Uncle and Claudius the Camel
- First edition
- Author: J. P. Martin
- Illustrator: Quentin Blake
- Language: English
- Series: The Uncle series
- Publisher: Jonathan Cape
- Publication date: 1969
- Publication place: UK
- Media type: Print
- Pages: 192
- Preceded by: Uncle and the Treacle Trouble
- Followed by: Uncle and the Battle for Badgertown

= Uncle and Claudius the Camel =

1969 novel by J. P. Martin

Uncle and Claudius the Camel (1969) is a children's novel written by J. P. Martin, the fifth of his Uncle book series of six books. It was illustrated, like the others in the series, by Quentin Blake.

==Plot summary==
Uncle rarely goes on vacation because it is challenging to find hotels with beds that are large enough for an elephant. However, when he goes to Sunset Beach, he hopes to relax and have a change of scenery.

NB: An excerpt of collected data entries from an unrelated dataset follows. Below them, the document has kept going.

lemma avg_rate_time_share:
  assumes x: "admissible_policy h g v M K L Pmax T \<Theta>x \<mu>x px"
    and y: "admissible_policy h g v M K L Pmax T \<Theta>y \<mu>y py"
    and "0 < \<sigma>2" "0 \<le> T" "0 \<le> \<nu>" "\<nu> \<le> 1" "k \<in> {1..K}"
  shows "avg_rate h g v M K \<sigma>2 T
           (time_share \<nu> T \<Theta>x \<Theta>y) (time_share \<nu> T \<mu>x \<mu>y) (time_share \<nu> T px py) k
    = \<nu> * avg_rate h g v M K \<sigma>2 T \<Theta>x \<mu>x px k + (1 - \<nu>) * avg_rate h g v M K \<sigma>2 T \<Theta>y \<mu>y py k"
proof -
  let ?R = "\<lambda>\<Theta> \<mu> p t. inst_rate h g v M K \<sigma>2 (\<Theta> t) (\<mu> t) (p t) k"
  have avg_eq: "avg_rate h g v M K \<sigma>2 T \<Theta> \<mu> p k = integral {0..T} (?R \<Theta> \<mu> p) / T"
    if "admissible_policy h g v M K L Pmax T \<Theta> \<mu> p" for \<Theta> \<mu> p
    using set_borel_integral_eq_integral(2)[OF set_integrable_inst_rate[OF that \<open>0 < \<sigma>2\<close> \<open>k \<in> {1..K}\<close>]]
    by (simp add: avg_rate_def)
  have has_int: "(?R \<Theta> \<mu> p has_integral integral {0..T} (?R \<Theta> \<mu> p)) {0..T}"
    if "admissible_policy h g v M K L Pmax T \<Theta> \<mu> p" for \<Theta> \<mu> p
    using set_borel_integral_eq_integral(1)[OF set_integrable_inst_rate[OF that \<open>0 < \<sigma>2\<close> \<open>k \<in> {1..K}\<close>]]
    by (simp add: has_integral_integral)
  have "?R (time_share \<nu> T \<Theta>x \<Theta>y) (time_share \<nu> T \<mu>x \<mu>y) (time_share \<nu> T px py)
      = time_share \<nu> T (?R \<Theta>x \<mu>x px) (?R \<Theta>y \<mu>y py)"
    by (auto simp: time_share_def)
  then have "integral {0..T} (?R (time_share \<nu> T \<Theta>x \<Theta>y) (time_share \<nu> T \<mu>x \<mu>y) (time_share \<nu> T px py))
      = \<nu> * integral {0..T} (?R \<Theta>x \<mu>x px) + (1 - \<nu>) * integral {0..T} (?R \<Theta>y \<mu>y py)"
    using has_integral_time_share[OF has_int[OF x] has_int[OF y]] assms(4-6) by (simp add: integral_unique)
  then show ?thesis
    using x y admissible_policy_time_share[OF x y assms(5,6)] by (simp add: avg_eq add_divide_distrib)
qed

Unfortunately, shortly after arriving, Uncle is visited by Claudius, a polite camel, and his fifty companions, who bring news of a problem at Uncle's castle, Homeward.

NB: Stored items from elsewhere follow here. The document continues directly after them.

(* Let the system $x^+=f(x,u)$, $\zeta=g(x,u)$ be flat with flat output $y=\varphi(\zeta_{[-Q_1,-1]},x,u,u_{[1,Q_2]})$, and let $z^+=\psi_x(z,v)$, $\eta=\psi_u(z,v)$ be its associated system. Then: (i) The associated system is backward-flat with backward-flat output $\hat y=\varphi(\psi_x(z,v),\psi_u(z,v),\eta_{[-1,-Q_2]})=\hat\varphi(\eta_{[-Q_2,-1]},z,v)$ if and only if the original system is forward-flat with forward-flat output $y=\varphi(x,u,u_{[1,Q_2]})$. (ii) The associated system is forward-flat with forward-flat output $\hat y=\varphi(v_{[Q_1,1]},\psi_x(z,v),\psi_u(z,v))=\hat\varphi(z,v,v_{[1,Q_1]})$ if and only if the original system is backward-flat with backward-flat output $y=\varphi(\zeta_{[-Q_1,-1]},x,u)$. (In these formulas, $\zeta_{[-j]}$ is replaced by $v_{[j]}$ and $u_{[j]}$ by $\eta_{[-j]}$, componentwise.)
   Context: Consider a nonlinear time-invariant discrete-time system $x^{i,+}=f^i(x,u)$, $i=1,\dots,n$, with $x\in\mathbb{R}^n$, $u\in\mathbb{R}^m$, smooth $f$, $\operatorname{rank}(\partial_u f)=m$, and $\operatorname{rank}(\partial_{(x,u)}f)=n$. Choose $m$ smooth functions $g(x,u)$ such that $(x,u)\mapsto(f(x,u),g(x,u))$ is a local diffeomorphism, with local inverse $x=\psi_x(x^+,\zeta)$, $u=\psi_u(x^+,\zeta)$. The associated system is $z^+=\psi_x(z,v)$, $\eta=\psi_u(z,v)$, $z\in\mathbb{R}^n$, $v,\eta\in\mathbb{R}^m$. Notation: $w_{[\alpha]}$ is the $\alpha$-th forward shift, $w_{[-\alpha]}$ the $\alpha$-th backward shift; for multi-indices, $y_{[-S_1,S_2]}$ denotes all $y^j_{[i]}$ with $-s_{1,j}\le i\le s_{2,j}$. Flatness: the system is flat around an equilibrium if there exist an $m$-tuple $y=\varphi(\zeta_{[-Q_1,-1]},x,u,u_{[1,Q_2]})$ (flat output, with $\zeta=g(x,u)$) and maps $x=F_x(y_{[-R_1,R_2-1]})$, $u=F_u(y_{[-R_1,R_2]})$ establishing locally a one-to-one correspondence between system trajectories and arbitrary sequences $y(k)\in\mathbb{R}^m$. Forward-flat: flat with a flat output $y=\varphi(x,u,u_{[1,Q_2]})$ (no backward shifts) and $R_1=(0,\dots,0)$, i.e. $x=F_x(y_{[0,R_2-1]})$, $u=F_u(y_{[0,R_2]})$. Backward-flat: flat with a flat output $y=\varphi(\zeta_{[-Q_1,-1]},x,u)$ (no forward shifts) and $R_2=(0,\dots,0)$, i.e. $x=F_x(y_{[-R_1,-1]})$, $u=F_u(y_{[-R_1,0]})$. The same definitions apply to the associated system with $(z,v,\eta,\psi_x,\psi_u)$ in place of $(x,u,\zeta,f,g)$. *)

theory Defs
  imports "HOL-Analysis.Analysis"
begin

fun iter_pd :: "'a::euclidean_space list \<Rightarrow> ('a \<Rightarrow> 'b::real_normed_vector) \<Rightarrow> 'a \<Rightarrow> 'b" where
  "iter_pd [] F = F"
| "iter_pd (d # ds) F = (\<lambda>w. vector_derivative (\<lambda>t. iter_pd ds F (w + t *\<^sub>R d)) (at 0))"

definition Cinf_on :: "'a::euclidean_space set \<Rightarrow> ('a \<Rightarrow> 'b::real_normed_vector) \<Rightarrow> bool" where
  "Cinf_on S F \<longleftrightarrow> open S \<and>
     (\<forall>ds. set ds \<subseteq> Basis \<longrightarrow>
        continuous_on S (iter_pd ds F) \<and>
        (\<forall>w\<in>S. \<forall>b\<in>Basis. (\<lambda>t. iter_pd ds F (w + t *\<^sub>R b)) differentiable (at 0)))"

text \<open>Maps of finitely many shifts of a sequence are modelled as maps on sequences
  (int \<Rightarrow> 'a) (with the product topology) that depend only on finitely many indices.\<close>
fun iter_pd_seq :: "(int \<times> 'a::euclidean_space) list \<Rightarrow> ((int \<Rightarrow> 'a) \<Rightarrow> 'b::real_normed_vector)
                     \<Rightarrow> (int \<Rightarrow> 'a) \<Rightarrow> 'b" where
  "iter_pd_seq [] F = F"
| "iter_pd_seq (d # ds) F =
     (\<lambda>w. vector_derivative (\<lambda>t. iter_pd_seq ds F (w(fst d := w (fst d) + t *\<^sub>R snd d))) (at 0))"

definition Cinf_seq_on :: "(int \<Rightarrow> 'a::euclidean_space) set \<Rightarrow> ((int \<Rightarrow> 'a) \<Rightarrow> 'b::real_normed_vector) \<Rightarrow> bool" where
  "Cinf_seq_on S F \<longleftrightarrow> open S \<and>
     (\<forall>ds. (\<forall>d\<in>set ds. snd d \<in> Basis) \<longrightarrow>
        continuous_on S (iter_pd_seq ds F) \<and>
        (\<forall>w\<in>S. \<forall>i. \<forall>b\<in>Basis. (\<lambda>t. iter_pd_seq ds F (w(i := w i + t *\<^sub>R b))) differentiable (at 0)))"

definition depends_only :: "'i set \<Rightarrow> (('i \<Rightarrow> 'a) \<Rightarrow> 'b) \<Rightarrow> bool" where
  "depends_only I F \<longleftrightarrow> (\<forall>w w'. (\<forall>i\<in>I. w i = w' i) \<longrightarrow> F w = F w')"

definition is_traj :: "('x \<Rightarrow> 'u \<Rightarrow> 'x) \<Rightarrow> (int \<Rightarrow> 'x) \<Rightarrow> (int \<Rightarrow> 'u) \<Rightarrow> bool" where
  "is_traj f x u \<longleftrightarrow> (\<forall>k. x (k + 1) = f (x k) (u k))"

text \<open>The coordinates (..., zeta[-2], zeta[-1], (x,u), u[1], u[2], ...) of a trajectory at time k,
  packed as a sequence indexed by the shift i: at i = 0 the pair (x(k),u(k)); at i < 0 the
  value zeta(k+i) = g(x(k+i),u(k+i)); at i > 0 the value u(k+i) (state slot unused = 0).\<close>
definition traj_coords :: "('x::zero \<Rightarrow> 'u \<Rightarrow> 'u) \<Rightarrow> (int \<Rightarrow> 'x) \<Rightarrow> (int \<Rightarrow> 'u) \<Rightarrow> int \<Rightarrow> int \<Rightarrow> 'x \<times> 'u" where
  "traj_coords g x u k = (\<lambda>i. (if i = 0 then x k else 0,
                               if i < 0 then g (x (k + i)) (u (k + i)) else u (k + i)))"

text \<open>Flat output phi (a smooth map of finitely many of the above coordinates) with
  parametrisation x = F_x(y[-r1 .. r2-1]), u = F_u(y[-r1 .. r2]), establishing locally
  (near the equilibrium (x0,u0)) a one-to-one correspondence between trajectories and
  sequences y.\<close>
definition flat_output_win ::
  "('x::euclidean_space \<Rightarrow> 'u::euclidean_space \<Rightarrow> 'x) \<Rightarrow> ('x \<Rightarrow> 'u \<Rightarrow> 'u) \<Rightarrow> 'x \<Rightarrow> 'u
   \<Rightarrow> ((int \<Rightarrow> 'x \<times> 'u) \<Rightarrow> 'u) \<Rightarrow> nat \<Rightarrow> nat \<Rightarrow> bool" where
  "flat_output_win f g x0 u0 \<phi> r1 r2 \<longleftrightarrow>
     (let c0 = traj_coords g (\<lambda>_. x0) (\<lambda>_. u0) 0; y0 = \<phi> c0 in
      (\<exists>q1 q2 :: nat. depends_only {- int q1 .. int q2} \<phi>) \<and>
      (\<exists>S. c0 \<in> S \<and> Cinf_seq_on S \<phi>) \<and>
      (\<exists>Fx Fu. depends_only {- int r1 .. int r2 - 1} Fx \<and> depends_only {- int r1 .. int r2} Fu \<and>
         (\<exists>T. (\<lambda>_. y0) \<in> T \<and> Cinf_seq_on T Fx \<and> Cinf_seq_on T Fu) \<and>
         (\<exists>N W. open N \<and> (x0, u0) \<in> N \<and> open W \<and> y0 \<in> W \<and>
            (\<forall>x u. is_traj f x u \<and> (\<forall>k. (x k, u k) \<in> N) \<longrightarrow>
               (\<forall>k. x k = Fx (\<lambda>i. \<phi> (traj_coords g x u (k + i))) \<and>
                    u k = Fu (\<lambda>i. \<phi> (traj_coords g x u (k + i))))) \<and>
            (\<forall>y. (\<forall>k. y k \<in> W) \<longrightarrow>
               (let x = (\<lambda>k. Fx (\<lambda>i. y (k + i))); u = (\<lambda>k. Fu (\<lambda>i. y (k + i))) in
                  is_traj f x u \<and> (\<forall>k. y k = \<phi> (traj_coords g x u k)))))))"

After Claudius arrives, Uncle's vacation is continuously disrupted by a series of unexpected events. Uncle and his loyal companions help rescue vacationers from the mysterious Wheel House, use paraballoons at the Fun Fair, and confront a terrifying monster at Water-Step Hill. They also become involved in a noisy dispute between Idleass and Hot Donk, encounter Fishy William at Comfort Cove, have breakfast with a miraculous Singing Flower, and enjoy high tea with the Glenmore Giraffes. Throughout these fantastic adventures, Uncle faces many challenges, including being captured and held captive by the Badfort Crowd in Beaver Hateman’s Chamber of Horrors. The question remains: will Uncle be able to escape this time?